In March 2020, FIFCO USA named Piotr Jurjewicz as the company's new Chief Marketing Officer.

==Labatt USA==
In 2009, the company purchased Labatt USA, subsidiary of the Canadian Labatt Brewing Company, including the American rights to its core Labatt products (such as Blue, Blue Light, and Labatt 50) and agreed to brew those brands on Labatt USA's behalf until 2012. This sale was mandated by the U.S. Department of Justice for competitive reasons following InBev's merger with Anheuser-Busch, since Budweiser and Labatt Blue were both among the top brands in upstate New York, despite the latter having less than 1% market share in the U.S. overall. The sale did not include U.S. rights to Labatt products not carrying the Labatt label, such as Kokanee or Alexander Keith's, which are now distributed in the U.S. by Anheuser-Busch. Moreover, the underlying intellectual property (such as the Labatt trademarks) remains the property of the Canadian Labatt firm. In addition, the sale did not affect Labatt's Canadian operations in any way; Anheuser-Busch InBev retains full control of the Labatt brand portfolio within Canada.

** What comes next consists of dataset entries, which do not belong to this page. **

(* Let $\lambda_1,\lambda_2$, $\Omega$, $\varphi$, $B$, $U$ be as in the context, with $(c,\theta)\in\Omega$, and let $G(u)=\int_0^u\frac{c-\varphi'(s)}{B(s)}\,ds$. Then: (1) $G$ is odd; (2) $G(u+U)=G(u)+G(U)$ for all $u\in\mathbb{R}$; (3) $G(kU)=kG(U)$ for all $k\in\mathbb{Z}$; (4) $G(kU/2)=kG(U)/2$ for all odd integers $k$.
   Context: Either $\lambda_1>\lambda_2>0$ or $\lambda_1=\lambda_2=1$. For $c>0$ put $\theta_c^+=\pi$ if $c>\sqrt2\lambda_1$ and $\theta_c^+=\arccos(1-c^2/\lambda_1^2)$ if $0<c\le\sqrt2\lambda_1$; $\Omega=\{(c,\theta): c>0,\ |\theta|<\theta_c^+\}$. For $(c,\theta)\in\Omega$: $D=\sin\theta/c$; $\varphi:\mathbb{R}\to\mathbb{R}$ is the global solution of $\varphi'(u)=\sqrt{c^2+2\cos\theta\,B(u)-D^2B(u)^2}$, $\varphi(0)=0$, where $B(u)=\lambda_1^2\cos^2\varphi(u)+\lambda_2^2\sin^2\varphi(u)$; $\varphi$ is an odd increasing bijection and $U>0$ is the unique number with $\varphi(U)=\pi$. *)

theory Defs
  imports "HOL-Analysis.Analysis"
begin

definition theta_plus :: "real \<Rightarrow> real \<Rightarrow> real" where
  "theta_plus l1 c = (if c > sqrt 2 * l1 then pi else arccos (1 - c\<^sup>2 / l1\<^sup>2))"

definition Omega :: "real \<Rightarrow> (real \<times> real) set" where
  "Omega l1 = {(c, \<theta>). c > 0 \<and> \<bar>\<theta>\<bar> < theta_plus l1 c}"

On April 25, 2017, Labatt USA and Pegula Sports and Entertainment partnered on a project to develop the Pegula owned 79 Perry Street in the Cobblestone District in Buffalo into a mixed-use facility, including a small test brewery called the "Labatt House", a restaurant called "The Draft Room", and retail, commercial and residential space. The company relocated its Labatt USA headquarters from Fountain Plaza to the building's second floor in November 2018 and PSE moved its headquarters to the building's third and fourth floor in 2019.